lemma majority_coloring_exists:
  fixes E :: "'a set set"
  assumes edges: "\<And>e. e \<in> E \<Longrightarrow> card e = 2"
    and U: "\<And>v. v \<in> U \<Longrightarrow> finite (incident E v) \<and> 4 \<le> card (incident E v)"
    and W: "\<And>v. v \<in> W \<Longrightarrow> countable (incident E v) \<and> infinite (incident E v)"
  shows "\<exists>c. edge_3_coloring E c \<and> (\<forall>v\<in>U \<union> W. majority_colored E c v)"
proof -
  have "\<exists>Bv :: nat \<Rightarrow> 'a set set. disjoint_family Bv \<and> (\<forall>m. Bv m \<subseteq> incident E v \<and> card (Bv m) = 4)"
    if "v \<in> W" for v
    using W[OF that] by (intro infinite_disjoint_subsets) simp
  then obtain B :: "'a \<Rightarrow> nat \<Rightarrow> 'a set set" where B: "\<And>v. v \<in> W \<Longrightarrow>
      disjoint_family (B v) \<and> (\<forall>m. B v m \<subseteq> incident E v \<and> card (B v m) = 4)"
    by metis
  define G where "G = incident E ` U \<union> (\<Union>v\<in>W. range (B v))"
  have "finite g \<and> 4 \<le> card g" if "g \<in> G" for g
    using that U B by (auto simp: G_def card_ge_0_finite)
  moreover have "finite {g \<in> G. x \<in> g} \<and> card {g \<in> G. x \<in> g} \<le> 2" for x
    unfolding G_def using edges U W B by (intro edge_in_at_most_two_groups) auto
  ultimately obtain c where c: "\<forall>x. c x < 3" "\<forall>g\<in>G. balanced c g"
    using balanced_coloring_family[of G] by blast
  define c' where "c' e = Suc (c e)" for e
  have "edge_3_coloring E c'"
    using c(1) by (auto simp: edge_3_coloring_def c'_def less_Suc_eq numeral_3_eq_3)
  moreover have "majority_colored E c' v" if "v \<in> U" for v
  proof (rule balanced_imp_majority_colored)
    show "finite (incident E v)" using U[OF that] by simp
    show "balanced c' (incident E v)"
      using c(2) that unfolding c'_def by (auto simp: G_def intro: balanced_Suc)
  qed
  moreover have "majority_colored E c' v" if "v \<in> W" for v
  proof (rule majority_colored_if_blocks)
    show "countable (incident E v)" using W[OF that] by simp
    show "disjoint_family (B v)" "B v m \<subseteq> incident E v" for m
      using B[OF that] by auto
    show "\<exists>e\<in>B v m. c' e \<noteq> a" for m a
    proof (rule balanced_imp_other_color)
      have "B v m \<in> G" using that by (auto simp: G_def)
      then show "balanced c' (B v m)"
        using c(2) unfolding c'_def by (blast intro: balanced_Suc)
      have "card (B v m) = 4" using B[OF that] by blast
      then show "finite (B v m)" "B v m \<noteq> {}"
        by (auto simp: card_ge_0_finite)
    qed
  qed
  ultimately show ?thesis by blast
qed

━━━━

Given the records above, restate word for word only the lines starting at the one with "using W[OF that] by (intro" and ending at the one with "proof (rule balanced_imp_other_color)".

    using W[OF that] by (intro infinite_disjoint_subsets) simp
  then obtain B :: "'a \<Rightarrow> nat \<Rightarrow> 'a set set" where B: "\<And>v. v \<in> W \<Longrightarrow>
      disjoint_family (B v) \<and> (\<forall>m. B v m \<subseteq> incident E v \<and> card (B v m) = 4)"
    by metis
  define G where "G = incident E ` U \<union> (\<Union>v\<in>W. range (B v))"
  have "finite g \<and> 4 \<le> card g" if "g \<in> G" for g
    using that U B by (auto simp: G_def card_ge_0_finite)
  moreover have "finite {g \<in> G. x \<in> g} \<and> card {g \<in> G. x \<in> g} \<le> 2" for x
    unfolding G_def using edges U W B by (intro edge_in_at_most_two_groups) auto
  ultimately obtain c where c: "\<forall>x. c x < 3" "\<forall>g\<in>G. balanced c g"
    using balanced_coloring_family[of G] by blast
  define c' where "c' e = Suc (c e)" for e
  have "edge_3_coloring E c'"
    using c(1) by (auto simp: edge_3_coloring_def c'_def less_Suc_eq numeral_3_eq_3)
  moreover have "majority_colored E c' v" if "v \<in> U" for v
  proof (rule balanced_imp_majority_colored)
    show "finite (incident E v)" using U[OF that] by simp
    show "balanced c' (incident E v)"
      using c(2) that unfolding c'_def by (auto simp: G_def intro: balanced_Suc)
  qed
  moreover have "majority_colored E c' v" if "v \<in> W" for v
  proof (rule majority_colored_if_blocks)
    show "countable (incident E v)" using W[OF that] by simp
    show "disjoint_family (B v)" "B v m \<subseteq> incident E v" for m
      using B[OF that] by auto
    show "\<exists>e\<in>B v m. c' e \<noteq> a" for m a
    proof (rule balanced_imp_other_color)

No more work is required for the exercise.